Anlässlich des Entscheids des Ständerats vom 3. Juni 2024, bei der Internationalen Zusammenarbeit 2025-2028 (IZA) zwei von elf Milliarden Franken zugunsten der Armee einzusparen, behauptete Lars Guggisberg von der SVP: «Die Entwicklungshilfe ist massiv gewachsen. Es gab eine Verdreieinhalbfachung in den letzten Jahren.» Die offiziellen Zahlen zur Entwicklung der IZA zeigen jedoch ein anderes Bild: Die öffentliche Entwicklungshilfe (Aide Publique au Development, APD) ist in den vergangenen zehn Jahren lediglich von rund 2,8 auf 3,4 Milliarden Franken angewachsen.

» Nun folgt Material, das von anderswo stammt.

(* Let $p,q\in[0,1]$ be rational numbers and $R\in\{\mathrm C,\mathrm S\}$. Then $\mathscr S^{p,q}_{\mathscr F_R}$ is exactly the set of all recursive temporal selection processes.
   Context: $\mathbb N_0=\{0,1,2,\dots\}$. $\mathbb S=\bigcup_{n\in\mathbb N_0}\{0,1\}^n$ is the set of finite binary sequences (situations), $\square$ the empty sequence, $|s|$ the length, $sx$ concatenation. For $r\in[0,1]$ and $f:\{0,1\}\to\mathbb R$, $E_r(f)=rf(1)+(1-r)f(0)$. A real process is a map $F:\mathbb S\to\mathbb R$, and $\Delta F(s)$ is the function $x\mapsto F(sx)-F(s)$. A test process is a non-negative real process with $F(\square)=1$. A map from $\mathbb S$ (or $\mathbb N_0$) to $\mathbb Q$ or $\{0,1\}$ is recursive if it is computable by a Turing machine. $\mathscr F_{\mathrm C}=\mathscr F_{\mathrm S}$ denotes the set of positive, rational-valued, recursive test processes. A selection process is a map $S:\mathbb S\to\{0,1\}$; it is temporal if $S(s)$ depends only on $|s|$ (written $S(n)$). For a real process $F$ and $r\in[0,1]$, $S^r_F$ is the temporal selection process with $S^r_F(n)=1$ if $E_r(\Delta F(s))>0$ for some $s\in\mathbb S$ with $|s|=n$, and $S^r_F(n)=0$ otherwise. For a set $\mathscr F$ of real processes, $\mathscr S^{p,q}_{\mathscr F}=\{S^r_F: F\in\mathscr F,\ r\in\{p,q\}\}$. *)

theory Defs
  imports "HOL-Analysis.Analysis" "HOL-Library.Nat_Bijection"
begin

text \<open>This class coincides with the Turing-computable total functions.\<close>

inductive total_recursive :: "nat \<Rightarrow> (nat list \<Rightarrow> nat) \<Rightarrow> bool" where
  zero: "total_recursive n (\<lambda>_. 0)"
| succ: "total_recursive 1 (\<lambda>xs. Suc (hd xs))"
| proj: "i < n \<Longrightarrow> total_recursive n (\<lambda>xs. xs ! i)"
| compose: "total_recursive m f \<Longrightarrow> length gs = m \<Longrightarrow>
         (\<And>g. g \<in> set gs \<Longrightarrow> total_recursive n g) \<Longrightarrow>
         total_recursive n (\<lambda>xs. f (map (\<lambda>g. g xs) gs))"
| prim_rec: "total_recursive n f \<Longrightarrow> total_recursive (n + 2) g \<Longrightarrow>
         total_recursive (Suc n)
           (\<lambda>xs. rec_nat (f (tl xs)) (\<lambda>y r. g (y # r # tl xs)) (hd xs))"
| mu: "total_recursive (Suc n) g \<Longrightarrow>
       (\<And>xs. length xs = n \<Longrightarrow> \<exists>y. g (y # xs) = 0) \<Longrightarrow>
       total_recursive n (\<lambda>xs. LEAST y. g (y # xs) = 0)"

definition computable :: "(nat \<Rightarrow> nat) \<Rightarrow> bool" where
  "computable h \<longleftrightarrow> (\<exists>g. total_recursive 1 g \<and> (\<forall>x. g [x] = h x))"

text \<open>Situations (finite binary sequences) are bool lists; True stands for 1,
  False for 0; s x (concatenation) is s @ [x]; the empty situation is [].\<close>

type_synonym situation = "bool list"

fun enc_sit :: "situation \<Rightarrow> nat" where
  "enc_sit [] = 0"
| "enc_sit (b # s) = 2 * enc_sit s + (if b then 2 else 1)"

definition enc_rat :: "rat \<Rightarrow> nat" where
  "enc_rat q = prod_encode (int_encode (fst (quotient_of q)), int_encode (snd (quotient_of q)))"

definition recursive_rat_map :: "(situation \<Rightarrow> rat) \<Rightarrow> bool" where
  "recursive_rat_map G \<longleftrightarrow> (\<exists>h. computable h \<and> (\<forall>s. h (enc_sit s) = enc_rat (G s)))"

text \<open>Maps into {0,1} are modelled as bool-valued (True = 1).\<close>
definition recursive_bit_map :: "(situation \<Rightarrow> bool) \<Rightarrow> bool" where
  "recursive_bit_map S \<longleftrightarrow> (\<exists>h. computable h \<and> (\<forall>s. h (enc_sit s) = of_bool (S s)))"

definition E :: "real \<Rightarrow> (bool \<Rightarrow> real) \<Rightarrow> real" where
  "E r f = r * f True + (1 - r) * f False"

definition Delta :: "(situation \<Rightarrow> real) \<Rightarrow> situation \<Rightarrow> bool \<Rightarrow> real" where
  "Delta F s = (\<lambda>x. F (s @ [x]) - F s)"

definition test_process :: "(situation \<Rightarrow> real) \<Rightarrow> bool" where
  "test_process F \<longleftrightarrow> (\<forall>s. 0 \<le> F s) \<and> F [] = 1"

text \<open>F_C = F_S: positive, rational-valued, recursive test processes.\<close>
definition F_C :: "(situation \<Rightarrow> real) set" where
  "F_C = {F. test_process F \<and> (\<forall>s. 0 < F s) \<and>
             (\<exists>G. recursive_rat_map G \<and> F = (\<lambda>s. real_of_rat (G s)))}"

definition temporal :: "(situation \<Rightarrow> bool) \<Rightarrow> bool" where
  "temporal S \<longleftrightarrow> (\<forall>s t. length s = length t \<longrightarrow> S s = S t)"

definition sel :: "(situation \<Rightarrow> real) \<Rightarrow> real \<Rightarrow> situation \<Rightarrow> bool" where
  "sel F r = (\<lambda>t. \<exists>s. length s = length t \<and> E r (Delta F s) > 0)"

definition sel_set :: "rat \<Rightarrow> rat \<Rightarrow> (situation \<Rightarrow> real) set \<Rightarrow> (situation \<Rightarrow> bool) set" where
  "sel_set p q FF = {sel F (real_of_rat r) | F r. F \<in> FF \<and> r \<in> {p, q}}"

end

(* For F in F_C and a rational r = A/B in [0,1], the sign of E_r(Delta F(s)) is the sign of an
   integer polynomial in A, B and the numerators and denominators of F(s), F(s0), F(s1), all of
   which are recursive in the code of s; S^r_F(n) is then a bounded search over the finitely many
   codes of situations of length n.  Conversely, a recursive temporal S is S^r_F for every r when
   F(s) = 1 + #{i < |s|. S(i) = 1}: this process gains one unit in every selected situation
   whatever the outcome, so E_r(Delta F(s)) = S(s). *)

theory Submission
  imports Defs
begin

(* Agreement is required only on argument lists of length n: the constructors of total_recursive
   fix junk values elsewhere (xs ! i on short lists, for instance). *)
definition recursive :: "nat \<Rightarrow> (nat list \<Rightarrow> nat) \<Rightarrow> bool" where
  "recursive n f \<longleftrightarrow> (\<exists>g. total_recursive n g \<and> (\<forall>xs. length xs = n \<longrightarrow> g xs = f xs))"

named_theorems recursive_intros

lemma recursive_cong:
  "recursive n f \<Longrightarrow> (\<And>xs. length xs = n \<Longrightarrow> f xs = g xs) \<Longrightarrow> recursive n g"
  unfolding recursive_def by metis

lemma recursive_comp:
  assumes f: "recursive m f"
    and es: "\<And>i. i < m \<Longrightarrow> recursive n (\<lambda>xs. es xs ! i)"
    and len: "\<And>xs. length xs = n \<Longrightarrow> length (es xs) = m"
  shows "recursive n (\<lambda>xs. f (es xs))"
proof -
  obtain f' where f': "total_recursive m f'" "\<And>xs. length xs = m \<Longrightarrow> f' xs = f xs"
    using f unfolding recursive_def by blast
  have "\<forall>i<m. \<exists>g. total_recursive n g \<and> (\<forall>xs. length xs = n \<longrightarrow> g xs = es xs ! i)"
    using es unfolding recursive_def by blast
  then obtain g where g: "\<And>i. i < m \<Longrightarrow> total_recursive n (g i)"
    "\<And>i xs. i < m \<Longrightarrow> length xs = n \<Longrightarrow> g i xs = es xs ! i"
    by metis
  have "total_recursive n (\<lambda>xs. f' (map (\<lambda>g. g xs) (map g [0..<m])))"
    by (rule total_recursive.compose[OF f'(1)]) (auto intro: g(1))
  moreover have "map (\<lambda>g. g xs) (map g [0..<m]) = es xs" if "length xs = n" for xs
    using that len by (auto intro: nth_equalityI simp: g(2))
  ultimately show ?thesis
    unfolding recursive_def using f'(2) len
    by (intro exI[of _ "\<lambda>xs. f' (map (\<lambda>g. g xs) (map g [0..<m]))"]) auto
qed

lemma recursive_nth [recursive_intros]: "i < n \<Longrightarrow> recursive n (\<lambda>xs. xs ! i)"
  unfolding recursive_def using total_recursive.proj by blast

lemma recursive_hd [recursive_intros]: "recursive (Suc n) hd"
  by (rule recursive_cong[OF recursive_nth[of 0]]) (auto simp: length_Suc_conv)

lemma recursive_tl [recursive_intros]:
  assumes "recursive n e"
  shows "recursive (Suc n) (\<lambda>xs. e (tl xs))"
proof (rule recursive_comp[OF assms])
  fix i assume "i < n"
  then show "recursive (Suc n) (\<lambda>xs. tl xs ! i)"
    by (intro recursive_cong[OF recursive_nth[of "Suc i"]]) (auto simp: nth_tl)
qed simp

lemma recursive_Cons_arg:
  assumes "recursive (Suc n) f" "recursive n e"
  shows "recursive n (\<lambda>xs. f (e xs # xs))"
proof (rule recursive_comp[OF assms(1)])
  fix i assume "i < Suc n"
  then show "recursive n (\<lambda>xs. (e xs # xs) ! i)"
    by (cases i) (auto intro: assms(2) recursive_nth)
qed simp

lemma recursive_Suc [recursive_intros]:
  assumes e: "recursive n e"
  shows "recursive n (\<lambda>xs. Suc (e xs))"
proof -
  have "recursive 1 (\<lambda>xs. Suc (hd xs))"
    unfolding recursive_def using total_recursive.succ by blast
  then have "recursive n (\<lambda>xs. Suc (hd [e xs]))"
    by (rule recursive_comp) (use e in auto)
  then show ?thesis by simp
qed

lemma recursive_const [recursive_intros]: "recursive n (\<lambda>_. k)"
proof (induction k)
  case 0
  then show ?case unfolding recursive_def using total_recursive.zero by blast
qed (rule recursive_Suc)

lemma recursive_rec_nat [recursive_intros]:
  assumes e: "recursive n e" and f: "recursive n f"
    and g: "recursive (Suc (Suc n)) (\<lambda>ys. g (hd ys) (hd (tl ys)) (tl (tl ys)))"
  shows "recursive n (\<lambda>xs. rec_nat (f xs) (\<lambda>y r. g y r xs) (e xs))"
proof -
  obtain f' where f': "total_recursive n f'" "\<And>xs. length xs = n \<Longrightarrow> f' xs = f xs"
    using f unfolding recursive_def by blast
  obtain g' where g': "total_recursive (n + 2) g'"
    "\<And>ys. length ys = Suc (Suc n) \<Longrightarrow> g' ys = g (hd ys) (hd (tl ys)) (tl (tl ys))"
    using g unfolding recursive_def by auto
  have "recursive (Suc n) (\<lambda>xs. rec_nat (f' (tl xs)) (\<lambda>y r. g' (y # r # tl xs)) (hd xs))"
    unfolding recursive_def using total_recursive.prim_rec[OF f'(1) g'(1)] by blast
  from recursive_Cons_arg[OF this e]
  show ?thesis
    by (rule recursive_cong) (simp add: f'(2) g'(2))
qed

lemma recursive_add [recursive_intros]:
  assumes "recursive n e1" "recursive n e2"
  shows "recursive n (\<lambda>xs. e1 xs + e2 xs)"
proof -
  have "recursive n (\<lambda>xs. rec_nat (e2 xs) (\<lambda>_ r. Suc r) (e1 xs))"
    by (intro recursive_intros assms)
  moreover have "rec_nat b (\<lambda>_ r. Suc r) a = a + b" for a b :: nat
    by (induction a) simp_all
  ultimately show ?thesis by simp
qed

lemma recursive_mult [recursive_intros]:
  assumes "recursive n e1" "recursive n e2"
  shows "recursive n (\<lambda>xs. e1 xs * e2 xs)"
proof -
  have "recursive n (\<lambda>xs. rec_nat 0 (\<lambda>_ r. r + e2 xs) (e1 xs))"
    by (intro recursive_intros assms)
  moreover have "rec_nat 0 (\<lambda>_ r. r + b) a = a * b" for a b :: nat
    by (induction a) simp_all
  ultimately show ?thesis by simp
qed

lemma recursive_diff [recursive_intros]:
  assumes "recursive n e1" "recursive n e2"
  shows "recursive n (\<lambda>xs. e1 xs - e2 xs)"
proof -
  have "recursive m (\<lambda>xs. rec_nat 0 (\<lambda>y _. y) (e xs))" if "recursive m e" for m e
    by (intro recursive_intros that)
  moreover have "rec_nat 0 (\<lambda>y _. y) a = a - 1" for a :: nat
    by (cases a) simp_all
  ultimately have pred: "recursive m (\<lambda>xs. e xs - 1)" if "recursive m e" for m e
    using that by simp
  have "recursive n (\<lambda>xs. rec_nat (e1 xs) (\<lambda>_ r. r - 1) (e2 xs))"
    by (intro recursive_intros assms pred[OF recursive_tl])
  moreover have "rec_nat b (\<lambda>_ r. r - 1) a = b - a" for a b :: nat
    by (induction a) simp_all
  ultimately show ?thesis by simp
qed

lemma recursive_power [recursive_intros]:
  assumes "recursive n e1" "recursive n e2"
  shows "recursive n (\<lambda>xs. e1 xs ^ e2 xs)"
proof -
  have "recursive n (\<lambda>xs. rec_nat 1 (\<lambda>_ r. e1 xs * r) (e2 xs))"
    by (intro recursive_intros assms)
  moreover have "rec_nat 1 (\<lambda>_ r. b * r) a = b ^ a" for a b :: nat
    by (induction a) simp_all
  ultimately show ?thesis by simp
qed

lemma recursive_triangle [recursive_intros]:
  assumes "recursive n e"
  shows "recursive n (\<lambda>xs. triangle (e xs))"
proof -
  from assms have "recursive n (\<lambda>xs. rec_nat 0 (\<lambda>y r. r + Suc y) (e xs))"
    by (intro recursive_intros)
  moreover have "rec_nat 0 (\<lambda>y r. r + Suc y) a = triangle a" for a
    by (induction a) simp_all
  ultimately show ?thesis by simp
qed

Gar rückläufig sind die Entwicklungsausgaben im Verhältnis zum BIP – die sog. APD-Quote: Gemäss aktuellem Stand der IZA-Strategie 2025-2028, die im Winter 2024 im Parlament verabschiedet werden soll, wird die APD-Quote (ohne Berücksichtigung von Asylausgaben in der Schweiz) künftig noch 0,36 Prozent betragen. Seit 2014 verzeichnete die APD-Quote mit jeweils 0,45 Prozent ihre höchsten Werte in den Jahren 2020 und 2021. Mit dem ständerätlichen Vorschlag, jährlich 500 Millionen von der IZA zur Armee zu verschieben, würde diese Quote aller Voraussicht nach sogar unter 0,3 Prozent rutschen – und damit unter den durchschnittlichen Wert aller OECD-Geberländer (0,37 Prozent im Jahr 2023). Ein für die wohlhabende und «humanitäre» Schweiz beschämend tiefer Wert. Das UNO-Ziel von 0,7 Prozent, das mit der Agenda 2030 für nachhaltige Entwicklung bekräftigt wurde, verlöre die Schweiz komplett aus den Augen.  

Nicht nur hat sich die IZA im Verhältnis zur schweizerischen Wirtschaftskraft (BIP) nicht erhöht. Auch die Wirksamkeit der IZA ist viel besser als gewisse Politiker:innen immer wieder gerne behaupten. Parlament und Bundesrat sollten sich daher vergegenwärtigen: Soll die Sicherheit und Stabilität hierzulande und in Europa verbessert werden, darf die Schweiz nicht nur die Aufrüstung im Inland in Betracht ziehen, sondern muss weiterhin in die Internationale Zusammenarbeit investieren, also in zivile Friedensförderung und die Stärkung der Menschenrechte, in langfristige Entwicklungsprogramme und humanitäre Hilfe, in Klimaschutz- und Anpassungsmassnahmen sowie in nachhaltige Entwicklung und die Stärkung der lokalen Wirtschaft in ärmeren Ländern.